For most babies this is in the evening, but it can occur at any time of the day. During this time, baby may be difficult to soothe. They often show feeding cues more often than typical, but when offered food, seem to quickly fall asleep, taking a shorter or smaller feeding than usual.
When you move from your arms, they wake up acting frantically hungry. They refuse to be put down and if they are nursing babies, they seem to only settle with their lactating parent.
What’s going on?!
Breasts tend to have a slightly lower volume of milk in the evening, but the milk is fattier than morning milk to help prepare for a longer stretch of sleep. Because of this, babies often cluster feed, or eat frequently, for a chunk of time during the evening.
Nursing babies seem to strongly prefer their lactating parent, often fussing excessively with a non-milk maker, then settling when placed on the milk maker.
Babies (and you) are often overtired and overstimulated at the end of the day, making matters feel worse.
Sometimes, if the breastfeeding support partner has been at work and is just arriving home, it adds a layer of frustration for all because it doesn’t feel like they can help relieve the lactating parent.

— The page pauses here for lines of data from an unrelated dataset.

(* There exist a financial system $S$ in the base model (all contracts of the same priority) and distinct banks $u,v_1,v_2$ with $e_{v_1},e_{v_2}\ge 1$ such that the following holds. For $(s_1,s_2)\in\{C,D\}^2$ let $S_{s_1s_2}$ be the system obtained from $S$ by, for each $i$ with $s_i=C$, decreasing $e_{v_i}$ by $1$ and increasing $e_u$ by $1$ (bank $v_i$ donates one unit to $u$). Then each $S_{s_1s_2}$ has exactly one solution, and the payoffs $(q_{v_1},q_{v_2})$ of $v_1,v_2$ at that solution, measured relative to the original external assets (i.e. the payoff of $v_i$ in $S_{s_1s_2}$ minus $e_{v_i}$ of $S$ plus the external assets $v_i$ still holds, equivalently its net gain from contracts minus the donated amount), are $(2,2)$ for $CC$, $(0,0)$ for $DD$, $(2,3)$ for $CD$, and $(3,2)$ for $DC$. In particular, in the two-player game where $v_i$ chooses $s_i$, the pure Nash equilibria are exactly $CD$ and $DC$.
   Context: A financial system with payment priorities consists of: a finite set $V$ of banks; external assets $e_v\ge 0$ for each $v\in V$; a number $P\ge 1$ of priority levels; and a finite set of contracts, each of which is either a debt contract from a debtor $u$ to a creditor $v\neq u$ with weight $c>0$, or a credit default swap (CDS) from a debtor $u$ to a creditor $v\neq u$ in reference to a bank $w\notin\{u,v\}$ (the reference entity) with weight $c>0$. Every contract has a priority in $\{1,\dots,P\}$ (1 is the highest priority). It is assumed that every bank that is the reference entity of some CDS is the debtor of at least one debt contract of positive weight. Given a recovery rate vector $r\in[0,1]^V$: the liability of a contract $k$ is $l_k(r)=c$ if $k$ is a debt of weight $c$, and $l_k(r)=c\,(1-r_w)$ if $k$ is a CDS of weight $c$ in reference to $w$. For a bank $v$, $l_v(r)$ is the sum of the liabilities of the contracts with debtor $v$; $l_v^{(\rho)}(r)$ is the sum of the liabilities of contracts with debtor $v$ and priority $\rho$; and $l_v^{(\le\rho)}(r)=\sum_{i=1}^{\rho}l_v^{(i)}(r)$ (with $l_v^{(\le 0)}=0$). The payment on a contract $k$ with debtor $v$ and priority $\rho$ is $p_k(r)=l_k(r)\cdot\min\{1,\max\{0,(r_v l_v(r)-l_v^{(\le\rho-1)}(r))/l_v^{(\rho)}(r)\}\}$ (and $p_k(r)=0$ if $l_v^{(\rho)}(r)=0$). The assets of $v$ are $a_v(r)=e_v+\sum_k p_k(r)$, summing over contracts $k$ with creditor $v$. A vector $r\in[0,1]^V$ is a solution (clearing vector) if for every $v\in V$: $r_v=1$ when $a_v(r)\ge l_v(r)$, and $r_v=a_v(r)/l_v(r)$ when $a_v(r)<l_v(r)$. The payoff of $v$ is $q_v(r)=\max\{a_v(r)-l_v(r),0\}$. When $P=1$, payments reduce to $p_k(r)=r_v\,l_k(r)$ (principle of proportionality); this is called the base model. In this statement the acting banks $v_1,v_2$ have no outgoing contracts, and the game payoff of $v_i$ in $S_{s_1s_2}$ is defined as $q_{v_i}$ computed in $S_{s_1s_2}$ minus the external assets $e_{v_i}$ that $v_i$ had in $S$ plus... more simply: the total incoming payments of $v_i$ at the solution of $S_{s_1s_2}$ minus the amount ($0$ or $1$) that $v_i$ donated. *)

theory Defs
  imports Main "HOL.Real"
begin
lemma tadpole_poly_Suc_Suc:
  "tadpole_poly m (Suc (Suc n)) = tadpole_poly m (Suc n) + [:0, 1:] * tadpole_poly m n"
proof -
  let ?V = "tadpole_V m (Suc (Suc n))" and ?E = "tadpole_E m (Suc (Suc n))"
  let ?v = "Inr (Suc (Suc n)) :: nat + nat"
  let ?N = "{u. ?E ?v u \<or> ?E u ?v}"
  have "tadpole_poly m (Suc (Suc n)) =
          indep_poly (?V - {?v}) ?E + [:0, 1:] * indep_poly (?V - {?v} - ?N) ?E"
    by (rule indep_poly_delete) (auto simp: tadpole_V_def tadpole_E_def)
  moreover have "?V - {?v} = tadpole_V m (Suc n)"
    by (auto simp: tadpole_V_def)
  moreover have "?V - {?v} - ?N = tadpole_V m n"
  proof (intro equalityI subsetI)
    show "x \<in> tadpole_V m n" if "x \<in> ?V - {?v} - ?N" for x
      using that by (cases x) (auto simp: tadpole_V_def tadpole_E_def)
    show "x \<in> ?V - {?v} - ?N" if "x \<in> tadpole_V m n" for x
      using that by (cases x) (auto simp: tadpole_V_def tadpole_E_def)
  qed
  moreover have "indep_poly (tadpole_V m (Suc n)) ?E = tadpole_poly m (Suc n)"
    by (rule indep_poly_cong) (rule tadpole_E_cong, auto)
  moreover have "indep_poly (tadpole_V m n) ?E = tadpole_poly m n"
    by (rule indep_poly_cong) (rule tadpole_E_cong, auto)
  ultimately show ?thesis by simp
qed

lemma tadpole_poly_5_0: "tadpole_poly 5 0 = [:1, 5, 5:]"
proof -
  have "tadpole_V 5 0 = set [Inl 1, Inl 2, Inl 3, Inl 4, Inl 5]"
    by (auto simp: tadpole_V_def)
  then show ?thesis
    by (simp only:) (rule indep_poly_set_list_eqI; code_simp)
qed

lemma tadpole_poly_5_1: "tadpole_poly 5 1 = [:1, 6, 9, 3:]"
proof -
  have "tadpole_V 5 1 = set [Inl 1, Inl 2, Inl 3, Inl 4, Inl 5, Inr 1]"
    by (auto simp: tadpole_V_def)
  then show ?thesis
    by (simp only:) (rule indep_poly_set_list_eqI; code_simp)
qed

lemma path_poly_4: "path_poly 4 = [:1, 4, 3:]"
proof -
  have "path_V 4 = set [1, 2, 3, 4]"
    by (auto simp: path_V_def)
  then show ?thesis
    by (simp only:) (rule indep_poly_set_list_eqI; code_simp)
qed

Evening cluster feedings can be really hard for the whole family. Here are some techniques to help you through those fussy times.
Surrender & Pre-Plan
- Look for a pattern in these fussy times. When in the day do they seem to begin and end?
- Get ready for it. Eat something about an hour beforehand and get done whatever must be done.
- So if baby says, “Please sit on the couch and nurse me for the next three hours,” your nipples don’t mind it, and there is something good on TV, just do it. Let him cluster on and off the whole time. Because this is just a phase that will pass way too quickly. When else will you have permission to sit and soak in your baby for hours?
Take It In Small Doses
- Does your baby have to be on the breast for three hours straight? No, not really. So if you don’t want to be nursing for that long, or you need to break it up a little, then go ahead. Try 45 minutes on, 15-30 minutes off. Hand baby to your partner to soothe to hold baby off long enough for you to breathe, pee, and eat.